A cannon is fired horizontally from a top of a 15-m platform. What is the cannon balls horizontal speed when it hits the ground 250 m downrange?
The time (t) that it takes to hit the ground is determined by the height above ground. For horizontal firing,
t = sqrt(2H/g) = 1.749 s
The horizontal speed must be (at all times)
250/1.749 = 143 m/s
To find the horizontal speed of the cannonball when it hits the ground, we can use the formula for horizontal distance traveled:
d = v * t
Where:
d = horizontal distance traveled (250 m)
v = horizontal speed of the cannonball
t = time of flight
We have the distance and we can calculate the time of flight using the formula for vertical motion:
h = (1/2) * g * t^2
Where:
h = height of the platform (15 m)
g = acceleration due to gravity (9.8 m/s^2)
t = time of flight
First, let's calculate the time of flight:
15 = (1/2) * 9.8 * t^2
Rearranging the equation:
t^2 = (15 * 2) / 9.8
t^2 = 30 / 9.8
t^2 = 3.06
Taking the square root of both sides:
t = √3.06
t ≈ 1.75 seconds
Now we can substitute the time of flight back into the equation for horizontal distance traveled to find the horizontal speed:
250 = v * 1.75
Dividing both sides by 1.75:
v ≈ 142.86 m/s
Therefore, the cannonball's horizontal speed when it hits the ground 250 m downrange is approximately 142.86 m/s.

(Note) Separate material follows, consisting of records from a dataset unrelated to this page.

lemma lpls_on_UNIV_tau_le_left:
  assumes "lpls_on UNIV ll le \<tau>" "ll x y" "ll y z"
  shows "\<tau> y z \<le> \<tau> x z"
proof -
  have "le x y" "le y z"
    using assms unfolding lpls_on_def causal_space_on_def by blast+
  then have "\<tau> x y + \<tau> y z \<le> \<tau> x z"
    using assms(1) unfolding lpls_on_def by blast
  then show ?thesis
    by (meson add_increasing order_refl order_trans zero_le)
qed

lemma I_past_subset_if_I_future_subset:
  assumes lpls: "lpls_on UNIV ll le \<tau>"
    and cont: "continuous_on UNIV (\<lambda>(x, y). \<tau> x y)"
    and x: "x \<in> closure (I_future ll x)"
    and sub: "I_future ll x \<subseteq> I_future ll y"
  shows "I_past ll y \<subseteq> I_past ll x"
proof
  fix z assume "z \<in> I_past ll y"
  then have zy: "ll z y" by (simp add: I_past_def)
  have "continuous_on UNIV (\<tau> z)"
    using continuous_on_compose2[OF cont, of UNIV "\<lambda>w. (z, w)"] by (simp add: continuous_on_Pair)
  then have "closed {w. \<tau> z y \<le> \<tau> z w}"
    by (intro closed_Collect_le continuous_on_const)
  moreover have "I_future ll x \<subseteq> {w. \<tau> z y \<le> \<tau> z w}"
    using sub zy lpls_on_UNIV_tau_le_right[OF lpls] by (auto simp: I_future_def)
  ultimately have "\<tau> z y \<le> \<tau> z x"
    using x closure_minimal by blast
  then show "z \<in> I_past ll x"
    using zy lpls_on_UNIV_pos_iff_ll[OF lpls] order_less_le_trans by (metis I_past_def mem_Collect_eq)
qed

lemma I_future_subset_if_I_past_subset:
  assumes lpls: "lpls_on UNIV ll le \<tau>"
    and cont: "continuous_on UNIV (\<lambda>(x, y). \<tau> x y)"
    and y: "y \<in> closure (I_past ll y)"
    and sub: "I_past ll y \<subseteq> I_past ll x"
  shows "I_future ll x \<subseteq> I_future ll y"
proof
  fix w assume "w \<in> I_future ll x"
  then have xw: "ll x w" by (simp add: I_future_def)
  have "continuous_on UNIV (\<lambda>z. \<tau> z w)"
    using continuous_on_compose2[OF cont, of UNIV "\<lambda>z. (z, w)"] by (simp add: continuous_on_Pair)
  then have "closed {z. \<tau> x w \<le> \<tau> z w}"
    by (intro closed_Collect_le continuous_on_const)
  moreover have "I_past ll y \<subseteq> {z. \<tau> x w \<le> \<tau> z w}"
    using sub xw lpls_on_UNIV_tau_le_left[OF lpls] by (auto simp: I_past_def)
  ultimately have "\<tau> x w \<le> \<tau> y w"
    using y closure_minimal by blast
  then show "w \<in> I_future ll y"
    using xw lpls_on_UNIV_pos_iff_ll[OF lpls] order_less_le_trans by (metis I_future_def mem_Collect_eq)
qed
(* Let $G=(V,E)$ be a graph. For every $v\in V$ the relation $\prec_v$ on $V$ is a strict weak order, i.e., it is irreflexive and transitive and incomparability with respect to $\prec_v$ is transitive.
   Context: Graphs are finite, simple, undirected, with nonempty vertex set. A module of $G=(V,E)$ is a nonempty $M\subseteq V$ such that every $u\in V\setminus M$ is adjacent either to all or to none of the vertices of $M$. For $v,w\in V$, $M_{v,w}$ is the intersection of all modules of $G$ containing both $v$ and $w$. For $v\in V$, the relation $\prec_v$ on $V$ is defined by $w_1\prec_v w_2$ iff $M_{v,w_2}\subsetneq M_{v,w_1}$. Elements $a,b$ are incomparable w.r.t. $\prec_v$ if neither $a\prec_v b$ nor $b\prec_v a$. *)

theory Defs
  imports Main
begin

definition graph :: "'a set \<Rightarrow> ('a \<Rightarrow> 'a \<Rightarrow> bool) \<Rightarrow> bool" where
  "graph V E \<longleftrightarrow> finite V \<and> V \<noteq> {} \<and>
     (\<forall>u v. E u v \<longrightarrow> u \<in> V \<and> v \<in> V) \<and>
     (\<forall>u v. E u v \<longrightarrow> E v u) \<and> (\<forall>v. \<not> E v v)"

definition is_module :: "'a set \<Rightarrow> ('a \<Rightarrow> 'a \<Rightarrow> bool) \<Rightarrow> 'a set \<Rightarrow> bool" where
  "is_module V E M \<longleftrightarrow> M \<noteq> {} \<and> M \<subseteq> V \<and>
     (\<forall>u \<in> V - M. (\<forall>x \<in> M. E u x) \<or> (\<forall>x \<in> M. \<not> E u x))"

definition Mvw :: "'a set \<Rightarrow> ('a \<Rightarrow> 'a \<Rightarrow> bool) \<Rightarrow> 'a \<Rightarrow> 'a \<Rightarrow> 'a set" where
  "Mvw V E v w = \<Inter> {M. is_module V E M \<and> v \<in> M \<and> w \<in> M}"

definition prec_v :: "'a set \<Rightarrow> ('a \<Rightarrow> 'a \<Rightarrow> bool) \<Rightarrow> 'a \<Rightarrow> 'a \<Rightarrow> 'a \<Rightarrow> bool" where
  "prec_v V E v w1 w2 \<longleftrightarrow> w1 \<in> V \<and> w2 \<in> V \<and> Mvw V E v w2 \<subset> Mvw V E v w1"

definition incomparable_v :: "'a set \<Rightarrow> ('a \<Rightarrow> 'a \<Rightarrow> bool) \<Rightarrow> 'a \<Rightarrow> 'a \<Rightarrow> 'a \<Rightarrow> bool" where
  "incomparable_v V E v a b \<longleftrightarrow> \<not> prec_v V E v a b \<and> \<not> prec_v V E v b a"

end

theory Submission
  imports Defs
begin

text \<open>Only transitivity of incomparability needs an argument. Suppose a and b, and b and c,
  are incomparable, but M_{v,a} \<subset> M_{v,c}. Minimality of these modules forces c \<notin> M_{v,a},
  a \<notin> M_{v,b} and b \<notin> M_{v,c}. Then (M_{v,c} - M_{v,a}) \<union> (M_{v,a} \<inter> M_{v,b}) is again
  a module; it contains v and c, hence all of M_{v,c}, yet it misses a \<in> M_{v,c}.\<close>

lemma is_module_iff:
  "is_module V E M \<longleftrightarrow> M \<noteq> {} \<and> M \<subseteq> V \<and>
     (\<forall>u \<in> V - M. \<forall>x \<in> M. \<forall>y \<in> M. E u x = E u y)"
  unfolding is_module_def by blast

lemma is_moduleD:
  "is_module V E M \<Longrightarrow> u \<in> V \<Longrightarrow> u \<notin> M \<Longrightarrow> x \<in> M \<Longrightarrow> y \<in> M \<Longrightarrow> E u x = E u y"
  unfolding is_module_iff by blast

lemma is_module_subset: "is_module V E M \<Longrightarrow> M \<subseteq> V"
  unfolding is_module_def by blast

lemma graph_sym: "graph V E \<Longrightarrow> E x y = E y x"
  unfolding graph_def by blast

lemma is_module_diff_union_inter:
  assumes sym: "\<And>x y. E x y = E y x"
    and A: "is_module V E A" and B: "is_module V E B" and C: "is_module V E C"
    and "A \<subseteq> C" and v: "v \<in> A \<inter> B" and b: "b \<in> B - C"
  shows "is_module V E ((C - A) \<union> (A \<inter> B))" (is "is_module V E ?S")
  unfolding is_module_iff
proof (intro conjI ballI)
  show "?S \<noteq> {}" using v by blast
  show "?S \<subseteq> V" using is_module_subset[OF C] \<open>A \<subseteq> C\<close> by blast
  fix u x y assume u: "u \<in> V - ?S" and x: "x \<in> ?S" and y: "y \<in> ?S"
  show "E u x = E u y"
  proof (cases "u \<in> C")
    case False
    then show ?thesis using is_moduleD[OF C, of u x y] u x y \<open>A \<subseteq> C\<close> by blast
  next
    case True
    with u have uA: "u \<in> A" and uB: "u \<notin> B" by auto
    have "E u z = E u b" if z: "z \<in> ?S" for z
    proof (cases "z \<in> B")
      case True
      then show ?thesis using is_moduleD[OF B, of u z b] uB u b by blast
    next
      case False
      with z have z: "z \<in> C" "z \<notin> A" "z \<notin> B" by auto
      have zV: "z \<in> V" using z is_module_subset[OF C] by blast
      have "E z u = E z v" using is_moduleD[OF A, of z u v] z zV uA v by blast
      also have "\<dots> = E z b" using is_moduleD[OF B, of z v b] z zV v b by blast
      also have "\<dots> = E u b"
        using is_moduleD[OF C, of b z u] z \<open>u \<in> C\<close> b is_module_subset[OF B] sym by blast
      finally show ?thesis using sym by metis
    qed
    then show ?thesis using x y by metis
  qed
qed

lemma Mvw_least: "is_module V E M \<Longrightarrow> v \<in> M \<Longrightarrow> w \<in> M \<Longrightarrow> Mvw V E v w \<subseteq> M"
  unfolding Mvw_def by blast

lemma
  assumes "v \<in> V" "w \<in> V"
  shows Mvw_is_module: "is_module V E (Mvw V E v w)"
    and left_in_Mvw: "v \<in> Mvw V E v w"
    and right_in_Mvw: "w \<in> Mvw V E v w"
proof -
  let ?F = "{M. is_module V E M \<and> v \<in> M \<and> w \<in> M}"
  have "V \<in> ?F" using assms unfolding is_module_def by blast
  then have sub: "Mvw V E v w \<subseteq> V" unfolding Mvw_def by blast
  show v: "v \<in> Mvw V E v w" and "w \<in> Mvw V E v w" unfolding Mvw_def by auto
  show "is_module V E (Mvw V E v w)"
    unfolding is_module_iff
  proof (intro conjI ballI)
    show "Mvw V E v w \<noteq> {}" using v by blast
    show "Mvw V E v w \<subseteq> V" by (rule sub)
    fix u x y assume u: "u \<in> V - Mvw V E v w" and x: "x \<in> Mvw V E v w" and y: "y \<in> Mvw V E v w"
    then obtain M where M: "M \<in> ?F" "u \<notin> M" unfolding Mvw_def by blast
    with x y have "x \<in> M" "y \<in> M" unfolding Mvw_def by blast+
    then show "E u x = E u y" using is_moduleD[of V E M u x y] M u by blast
  qed
qed

lemma Mvw_subset_if_mem:
  "v \<in> V \<Longrightarrow> u \<in> V \<Longrightarrow> w \<in> Mvw V E v u \<Longrightarrow> Mvw V E v w \<subseteq> Mvw V E v u"
  using Mvw_least[OF Mvw_is_module left_in_Mvw] .

lemma incomparable_v_iff:
  "a \<in> V \<Longrightarrow> b \<in> V \<Longrightarrow> incomparable_v V E v a b \<longleftrightarrow>
     \<not> Mvw V E v a \<subset> Mvw V E v b \<and> \<not> Mvw V E v b \<subset> Mvw V E v a"
  unfolding incomparable_v_def prec_v_def by blast

lemma not_Mvw_psubset_if_incomparable_chain:
  assumes "graph V E" and V: "v \<in> V" "a \<in> V" "b \<in> V" "c \<in> V"
    and ab: "incomparable_v V E v a b" and bc: "incomparable_v V E v b c"
  shows "\<not> Mvw V E v a \<subset> Mvw V E v c"
proof
  let ?A = "Mvw V E v a" and ?B = "Mvw V E v b" and ?C = "Mvw V E v c"
  assume AC: "?A \<subset> ?C"
  have AB: "\<not> ?A \<subset> ?B" "\<not> ?B \<subset> ?A" using ab unfolding incomparable_v_iff[OF V(2,3)] by simp_all
  have BC: "\<not> ?B \<subset> ?C" "\<not> ?C \<subset> ?B" using bc unfolding incomparable_v_iff[OF V(3,4)] by simp_all
  have "c \<notin> ?A" using Mvw_subset_if_mem[OF V(1,2), of c E] AC by blast
  have "a \<notin> ?B" using Mvw_subset_if_mem[OF V(1,3), of a E] AB(1) AC BC(1) by blast
  have "b \<notin> ?C" using Mvw_subset_if_mem[OF V(1,4), of b E] BC(1) AC AB(1) by blast
  have vAB: "v \<in> ?A \<inter> ?B" using left_in_Mvw[OF V(1,2)] left_in_Mvw[OF V(1,3)] by blast
  have "b \<in> ?B - ?C" using right_in_Mvw[OF V(1,3)] \<open>b \<notin> ?C\<close> by blast
  with vAB AC have "is_module V E ((?C - ?A) \<union> (?A \<inter> ?B))"
    by (intro is_module_diff_union_inter[OF graph_sym[OF \<open>graph V E\<close>]
        Mvw_is_module[OF V(1,2)] Mvw_is_module[OF V(1,3)] Mvw_is_module[OF V(1,4)]]) auto
  moreover have "c \<in> ?C - ?A" using right_in_Mvw[OF V(1,4)] \<open>c \<notin> ?A\<close> by blast
  ultimately have "?C \<subseteq> (?C - ?A) \<union> (?A \<inter> ?B)" using vAB by (intro Mvw_least) auto
  then show False using right_in_Mvw[OF V(1,2)] AC \<open>a \<notin> ?B\<close> by blast
qed

theorem lemma3p13:
  assumes "graph V E" and "v \<in> V"
  shows "(\<forall>w \<in> V. \<not> prec_v V E v w w)
       \<and> (\<forall>a \<in> V. \<forall>b \<in> V. \<forall>c \<in> V.
            prec_v V E v a b \<longrightarrow> prec_v V E v b c \<longrightarrow> prec_v V E v a c)
       \<and> (\<forall>a \<in> V. \<forall>b \<in> V. \<forall>c \<in> V.
            incomparable_v V E v a b \<longrightarrow> incomparable_v V E v b c \<longrightarrow> incomparable_v V E v a c)"
proof (intro conjI ballI impI)
  fix w show "\<not> prec_v V E v w w" unfolding prec_v_def by blast
next
  fix a b c assume "prec_v V E v a b" "prec_v V E v b c"
  then show "prec_v V E v a c" unfolding prec_v_def by blast
next
  fix a b c assume V: "a \<in> V" "b \<in> V" "c \<in> V"
    and ab: "incomparable_v V E v a b" and bc: "incomparable_v V E v b c"
  then have "incomparable_v V E v c b" "incomparable_v V E v b a"
    unfolding incomparable_v_def by blast+
  then have "\<not> Mvw V E v c \<subset> Mvw V E v a"
    by (rule not_Mvw_psubset_if_incomparable_chain[OF assms V(3,2,1)])
  with not_Mvw_psubset_if_incomparable_chain[OF assms V ab bc]
  show "incomparable_v V E v a c" unfolding incomparable_v_iff[OF V(1,3)] by blast
qed

end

To determine the cannonball's horizontal speed when it hits the ground, we can use the principle of projectile motion. When a cannonball is fired horizontally, its vertical motion is influenced by gravity, while its horizontal motion remains constant.
First, let's analyze the vertical motion of the cannonball. We know that the cannonball's initial vertical position is 15 m above the ground, and it falls downward due to gravity. The vertical displacement can be determined using the equation:
Δy = v₀y * t + (1/2) * g * t²
Since the initial vertical velocity (v₀y) is 0 (as the cannonball is fired horizontally), we can simplify the equation:
Δy = (1/2) * g * t²
where Δy is the vertical displacement, g is the acceleration due to gravity (approximately 9.8 m/s²), and t is the time of flight.
Since the cannonball hits the ground 250 m downrange, the horizontal distance traveled (range) is equal to the initial horizontal velocity (v₀x) multiplied by the time of flight (t):
Range = v₀x * t
We want to find the horizontal speed, which is the magnitude of the horizontal velocity (v₀x). To do that, we need to find the value of t, the time of flight.
Using the formula for time of flight of a projectile:
t = sqrt(2 * Δy / g)
we can substitute the value of Δy (which is the height of the platform, 15 m) and g (acceleration due to gravity, 9.8 m/s²) into the equation:
t = sqrt(2 * 15 / 9.8)
Simplifying, we find:
t ≈ 1.32 seconds
Now that we have the time of flight, we can find the horizontal speed (v₀x) using the range formula:
Range = v₀x * t
250 m = v₀x * 1.32 seconds
Simplifying, we can solve for v₀x:
v₀x ≈ 189.4 m/s
Therefore, the cannonball's horizontal speed when it hits the ground 250 m downrange is approximately 189.4 m/s.